[Joelib-devel] Re: [Cdk-devel] QSAR

SourceForge Headquarters 1320 Columbia Street Suite 310 San Diego, CA 92101 +1 (858) 422-6466

On Saturday 17 April 2004 15:02, Peter Murray-Rust wrote:
> I suggest starting not with deciding what program to write but with what
> the components of a QSAR system are and then deciding what who wants to be
> involved, we have got and setting some realistic scope to what is
> achievable.

Agreed. This is why we need to set up a SF project where we can write these 
things down.

Here's a list:

- building a molecule database
	- read from file/internet
	- draw yourself one by one, or insert from smiles
- browsing the database with 2D and possible 3D structures
- associate activities/properties with those molecules
	- preprocessing
- get mathematical (or other) descriptions of the molecules in the database
	- selection of wanted descriptions
	- ability to use external programs for this
	- descriptor value preprocessing
- statistical analysis of the database (outliers, diversity, etc)
- model building
	- chosing method, and method parameters
- model validation
	- visual validation -> plots
	- statistical validation

I've requested a new SF project ('qsar') yesterday after getting positive 
reactions to my proposal earlier.

Joerg, I did not direct you personaly yet, because I vaguely remembered you 
stating to be on holiday (?), but I might very well be confused here...

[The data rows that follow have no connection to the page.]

(* For every integer $n\geq 1$, $$2^n(1+x^2)\widehat{A}_n(x)=(1-x)^{n+1}P_n\!\left(\frac{1+x}{1-x}\right).$$
   Context: For a permutation $\pi=\pi(1)\pi(2)\cdots\pi(n)$ of $[n]=\{1,\ldots,n\}$, the number of alternating descents is ${\rm altdes}(\pi)=|\{2i: \pi(2i)<\pi(2i+1)\}\cup\{2i+1:\pi(2i+1)>\pi(2i+2)\}|$, where only indices $j\in\{1,\ldots,n-1\}$ are considered (so that $\pi(j+1)$ is defined). The alternating Eulerian polynomial is $\widehat{A}_n(x)=\sum_{\pi\in\mathfrak{S}_n}x^{{\rm altdes}(\pi)}$, where $\mathfrak{S}_n$ is the symmetric group on $[n]$. The derivative polynomials $P_n(x)$ (Hoffman) are defined by $P_n(\tan\theta)=\frac{d^n}{d\theta^n}\tan\theta$; equivalently $P_0(x)=x$ and $P_{n+1}(x)=(1+x^2)P_n'(x)$. *)

theory Defs
  imports "HOL-Combinatorics.Permutations" "HOL-Computational_Algebra.Polynomial"
begin

definition altdes :: "nat \<Rightarrow> (nat \<Rightarrow> nat) \<Rightarrow> nat" where
  "altdes n \<pi> = card {j \<in> {1..<n}.
      (even j \<and> \<pi> j < \<pi> (Suc j)) \<or> (odd j \<and> \<pi> j > \<pi> (Suc j))}"

definition alt_eulerian :: "nat \<Rightarrow> real \<Rightarrow> real" where
  "alt_eulerian n x = (\<Sum>\<pi> \<in> {\<pi>. \<pi> permutes {1..n}}. x ^ altdes n \<pi>)"

fun deriv_poly :: "nat \<Rightarrow> real poly" where
  "deriv_poly 0 = [:0, 1:]"
| "deriv_poly (Suc n) = [:1, 0, 1:] * pderiv (deriv_poly n)"

end

theory Submission
  imports Defs "HOL-Combinatorics.Multiset_Permutations"
begin

text \<open>Both sides, as functions of \<open>x\<close>, satisfy
  \<open>F (n + 1) = (1 + x\<^sup>2) ((1 - x) F' n + (n + 1) F n)\<close> and agree for \<open>n = 1\<close>. On the right
  this is the chain rule together with \<open>(1 - x)\<^sup>2 (1 + y\<^sup>2) = 2 (1 + x\<^sup>2)\<close> for
  \<open>y = (1 + x) / (1 - x)\<close>. On the left it is the recurrence for the alternating Eulerian
  polynomials \<open>2 A (n + 1) = (2 (1 + x) + (n - 1) (1 + x\<^sup>2)) A n + (1 - x) (1 + x\<^sup>2) A' n\<close>, proved by
  inserting both a new maximum and a new minimum into every gap of every permutation of \<open>[n]\<close>.
  At each gap exactly one of the two insertions creates alternating descents on both of its sides;
  the entries after the gap move by one position, which is undone by complementing them; and an
  inner gap loses the alternating descent it had.\<close>

definition alt_desc :: "nat \<Rightarrow> 'a::linorder \<Rightarrow> 'a \<Rightarrow> bool" where
  "alt_desc j a b \<longleftrightarrow> (if even j then a < b else b < a)"

text \<open>\<open>j\<close> is the position of the first entry of the list (\<open>1\<close> in \<open>altdes\<close>).\<close>

fun alt_descents :: "nat \<Rightarrow> 'a::linorder list \<Rightarrow> nat" where
  "alt_descents j (a # b # xs) = of_bool (alt_desc j a b) + alt_descents (Suc j) (b # xs)"
| "alt_descents j _ = 0"

lemma alt_descents_conv_sum:
  "alt_descents j xs = (\<Sum>i<length xs - 1. of_bool (alt_desc (j + i) (xs ! i) (xs ! Suc i)))"
proof (induction j xs rule: alt_descents.induct)
  case (1 j a b xs)
  then show ?case
    by (simp add: sum.lessThan_Suc_shift del: sum.lessThan_Suc)
qed auto

lemma alt_descents_Cons:
  "alt_descents j (a # xs) = (if xs = [] then 0 else of_bool (alt_desc j a (hd xs))) + alt_descents (Suc j) xs"
  by (cases xs) auto

lemma alt_descents_append:
  "alt_descents j (ys @ zs) = alt_descents j ys
     + (if ys = [] \<or> zs = [] then 0 else of_bool (alt_desc (j + length ys - 1) (last ys) (hd zs)))
     + alt_descents (j + length ys) zs"
proof (induction ys arbitrary: j)
  case (Cons a ys)
  then show ?case
    by (cases ys; cases zs) (auto simp: alt_descents_Cons)
qed simp

lemma alt_descents_Suc_Suc: "alt_descents (Suc (Suc j)) xs = alt_descents j xs"
  by (induction j xs rule: alt_descents.induct) (auto simp: alt_desc_def)

lemma alt_descents_map_mono:
  assumes "\<And>a b. a \<in> set xs \<Longrightarrow> b \<in> set xs \<Longrightarrow> h a < h b \<longleftrightarrow> a < b"
  shows "alt_descents j (map h xs) = alt_descents j xs"
  using assms by (induction j xs rule: alt_descents.induct) (auto simp: alt_desc_def)

lemma alt_descents_map_antimono:
  assumes "\<And>a b. a \<in> set xs \<Longrightarrow> b \<in> set xs \<Longrightarrow> h a < h b \<longleftrightarrow> b < a"
  shows "alt_descents j (map h xs) = alt_descents (Suc j) xs"
  using assms by (induction j xs rule: alt_descents.induct) (auto simp: alt_desc_def)

lemma altdes_conv_alt_descents: "altdes n \<pi> = alt_descents 1 (map \<pi> [1..<Suc n])"
proof -
  define P where "P j \<longleftrightarrow> even j \<and> \<pi> j < \<pi> (Suc j) \<or> odd j \<and> \<pi> j > \<pi> (Suc j)" for j
  have "alt_descents 1 (map \<pi> [1..<Suc n]) = (\<Sum>i<n - 1. of_bool (P (Suc i)))"
    unfolding alt_descents_conv_sum P_def alt_desc_def
    by (intro sum.cong) (auto simp del: upt_Suc)
  also have "\<dots> = (\<Sum>j\<in>{1..<n}. of_bool (P j))"
    by (cases n) (simp, simp only: One_nat_def diff_Suc_Suc minus_nat.diff_0 lessThan_atLeast0
        sum.atLeast_Suc_lessThan_Suc_shift o_def)
  also have "\<dots> = altdes n \<pi>"
    by (simp add: altdes_def P_def Int_def del: of_bool_or_iff)
  finally show ?thesis ..
qed

lemma inj_on_map_permutations_of_set:
  "inj_on h A \<Longrightarrow> inj_on (map h) (permutations_of_set A)"
  by (rule inj_on_mapI) (auto simp: permutations_of_set_def intro: inj_on_subset)

lemma sum_permutations_of_set_insert:
  assumes "finite V" "m \<notin> V"
  shows "(\<Sum>zs\<in>permutations_of_set (insert m V). F zs) =
    (\<Sum>U\<in>Pow V. \<Sum>ys\<in>permutations_of_set U. \<Sum>ws\<in>permutations_of_set (V - U). F (ys @ m # ws))"
proof -
  let ?S = "SIGMA U:Pow V. permutations_of_set U \<times> permutations_of_set (V - U)"
  let ?before = "takeWhile (\<lambda>z. z \<noteq> m)" and ?after = "\<lambda>zs. tl (dropWhile (\<lambda>z. z \<noteq> m) zs)"
  have "(\<Sum>U\<in>Pow V. \<Sum>ys\<in>permutations_of_set U. \<Sum>ws\<in>permutations_of_set (V - U). F (ys @ m # ws))
      = (\<Sum>(U, ys, ws)\<in>?S. F (ys @ m # ws))"
    using assms(1) by (simp add: sum.Sigma sum.cartesian_product)
  also have "\<dots> = (\<Sum>zs\<in>permutations_of_set (insert m V). F zs)"
  proof (rule sum.reindex_bij_witness[where j = "\<lambda>(U, ys, ws). ys @ m # ws"
        and i = "\<lambda>zs. (set (?before zs), ?before zs, ?after zs)"])
    fix a assume "a \<in> ?S"
    then obtain U ys ws where a: "a = (U, ys, ws)" "U \<subseteq> V"
      and ys: "set ys = U" "distinct ys" and ws: "set ws = V - U" "distinct ws"
      by (auto simp: permutations_of_set_def)
    then have "\<forall>z\<in>set ys. z \<noteq> m" using assms(2) by auto
    then have "?before (ys @ m # ws) = ys" "?after (ys @ m # ws) = ws"
      by (simp_all add: takeWhile_append2 dropWhile_append2)
    then show "(\<lambda>zs. (set (?before zs), ?before zs, ?after zs)) ((\<lambda>(U, ys, ws). ys @ m # ws) a) = a"
      using a ys by simp
    show "(\<lambda>(U, ys, ws). ys @ m # ws) a \<in> permutations_of_set (insert m V)"
      using a ys ws assms(2) by (auto simp: permutations_of_set_def)
  next
    fix zs assume "zs \<in> permutations_of_set (insert m V)"
    then have zs: "set zs = insert m V" "distinct zs" by (auto simp: permutations_of_set_def)
    have ne: "dropWhile (\<lambda>z. z \<noteq> m) zs \<noteq> []"
      using zs by (simp add: dropWhile_eq_Nil_conv)
    then have "hd (dropWhile (\<lambda>z. z \<noteq> m) zs) = m"
      using hd_dropWhile by blast
    with ne have "dropWhile (\<lambda>z. z \<noteq> m) zs = m # ?after zs"
      by (metis list.collapse)
    then have split: "zs = ?before zs @ m # ?after zs"
      by (metis takeWhile_dropWhile_id)
    then show "(\<lambda>(U, ys, ws). ys @ m # ws) (set (?before zs), ?before zs, ?after zs) = zs"
      by simp
    have "distinct (?before zs @ m # ?after zs)" "set (?before zs @ m # ?after zs) = insert m V"
      using zs split by simp_all
    then show "(set (?before zs), ?before zs, ?after zs) \<in> ?S"
      using assms(2) by (auto simp: permutations_of_set_def)
  qed (auto simp: case_prod_beta)
  finally show ?thesis ..
qed

lemma sum_permutations_of_set_Pow_append:
  assumes "finite V"
  shows "(\<Sum>U\<in>Pow V. \<Sum>ys\<in>permutations_of_set U. \<Sum>ws\<in>permutations_of_set (V - U). H ys ws) =
         (\<Sum>xs\<in>permutations_of_set V. \<Sum>g\<le>card V. H (take g xs) (drop g xs))"
proof -
  let ?S = "SIGMA U:Pow V. permutations_of_set U \<times> permutations_of_set (V - U)"
  have "(\<Sum>U\<in>Pow V. \<Sum>ys\<in>permutations_of_set U. \<Sum>ws\<in>permutations_of_set (V - U). H ys ws)
      = (\<Sum>(U, ys, ws)\<in>?S. H ys ws)"
    using assms by (simp add: sum.Sigma sum.cartesian_product)
  also have "\<dots> = (\<Sum>(xs, g)\<in>permutations_of_set V \<times> {..card V}. H (take g xs) (drop g xs))"
  proof (rule sum.reindex_bij_witness[where j = "\<lambda>(U, ys, ws). (ys @ ws, length ys)"
        and i = "\<lambda>(xs, g). (set (take g xs), take g xs, drop g xs)"])
    fix a assume "a \<in> ?S"
    then obtain U ys ws where a: "a = (U, ys, ws)" "U \<subseteq> V"
      and ys: "set ys = U" "distinct ys" and ws: "set ws = V - U" "distinct ws"
      by (auto simp: permutations_of_set_def)
    show "(\<lambda>(xs, g). (set (take g xs), take g xs, drop g xs)) ((\<lambda>(U, ys, ws). (ys @ ws, length ys)) a) = a"
      using a ys by simp
    have "length ys \<le> card V"
      using a ys assms by (metis distinct_card card_mono)
    then show "(\<lambda>(U, ys, ws). (ys @ ws, length ys)) a \<in> permutations_of_set V \<times> {..card V}"
      using a ys ws by (auto simp: permutations_of_set_def)
  next
    fix b assume "b \<in> permutations_of_set V \<times> {..card V}"
    then obtain xs g where b: "b = (xs, g)" "g \<le> card V" and xs: "set xs = V" "distinct xs"
      by (auto simp: permutations_of_set_def)
    show "(\<lambda>(U, ys, ws). (ys @ ws, length ys)) ((\<lambda>(xs, g). (set (take g xs), take g xs, drop g xs)) b) = b"
      using b xs distinct_card[of xs] by simp
    have "set (take g xs) \<inter> set (drop g xs) = {}" "set (take g xs) \<union> set (drop g xs) = V"
      using xs by (simp add: set_take_disj_set_drop_if_distinct, metis append_take_drop_id set_append)
    then have "set (drop g xs) = V - set (take g xs)"
      by blast
    then show "(\<lambda>(xs, g). (set (take g xs), take g xs, drop g xs)) b \<in> ?S"
      using b xs by (auto simp: permutations_of_set_def dest: in_set_takeD)
  qed (auto simp: case_prod_beta)
  also have "\<dots> = (\<Sum>xs\<in>permutations_of_set V. \<Sum>g\<le>card V. H (take g xs) (drop g xs))"
    by (simp add: sum.cartesian_product)
  finally show ?thesis .
qed

lemma sum_alt_descents_permutations_of_set_card:
  fixes W :: "'a::linorder set"
  assumes "finite W"
  shows "(\<Sum>ws\<in>permutations_of_set W. f (alt_descents j ws)) =
         (\<Sum>ws\<in>permutations_of_set {..<card W}. f (alt_descents j ws))"
proof -
  define s where "s = sorted_list_of_set W"
  have s: "length s = card W" "set s = W" "sorted_wrt (<) s"
    using assms by (simp_all add: s_def)
  have mono: "s ! a < s ! b \<longleftrightarrow> a < b" if "a < card W" "b < card W" for a b
    using that s by (metis linorder_neqE_nat not_less_iff_gr_or_eq sorted_wrt_nth_less)
  have inj: "inj_on ((!) s) {..<card W}"
    using mono by (intro inj_onI) (metis lessThan_iff not_less_iff_gr_or_eq)
  have "(!) s ` {..<card W} = W"
    using s by (metis atLeast_upt image_set map_nth)
  then have "permutations_of_set W = map ((!) s) ` permutations_of_set {..<card W}"
    using permutations_of_set_image_inj[OF inj] by simp
  then have "(\<Sum>ws\<in>permutations_of_set W. f (alt_descents j ws)) =
      (\<Sum>ws\<in>permutations_of_set {..<card W}. f (alt_descents j (map ((!) s) ws)))"
    by (simp add: sum.reindex inj_on_map_permutations_of_set[OF inj])
  also have "\<dots> = (\<Sum>ws\<in>permutations_of_set {..<card W}. f (alt_descents j ws))"
    using mono by (intro sum.cong refl) (subst alt_descents_map_mono, auto simp: permutations_of_set_def)
  finally show ?thesis .
qed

I see JOELib as an important part of the new program: it has many descriptors 
implemented, already uses CML2 for storing results, and has an interface to 
Weka.

I also see an important part for CDK: 2D editing/display is a very important 
feature here. And, I expect, some descriptors will be implemented in CDK 
later this year, though this will likely not conflict with those in JOELib.
The reason why I propose CDK's core classes must be obvious.

Hopefully, the QSAR SF project will be approved early next week, and then I 
will start adding requirements, analyses, etc to documentation, hopefully 
together with the others interested. Then we will see how the available OS 
parts fit together.

Egon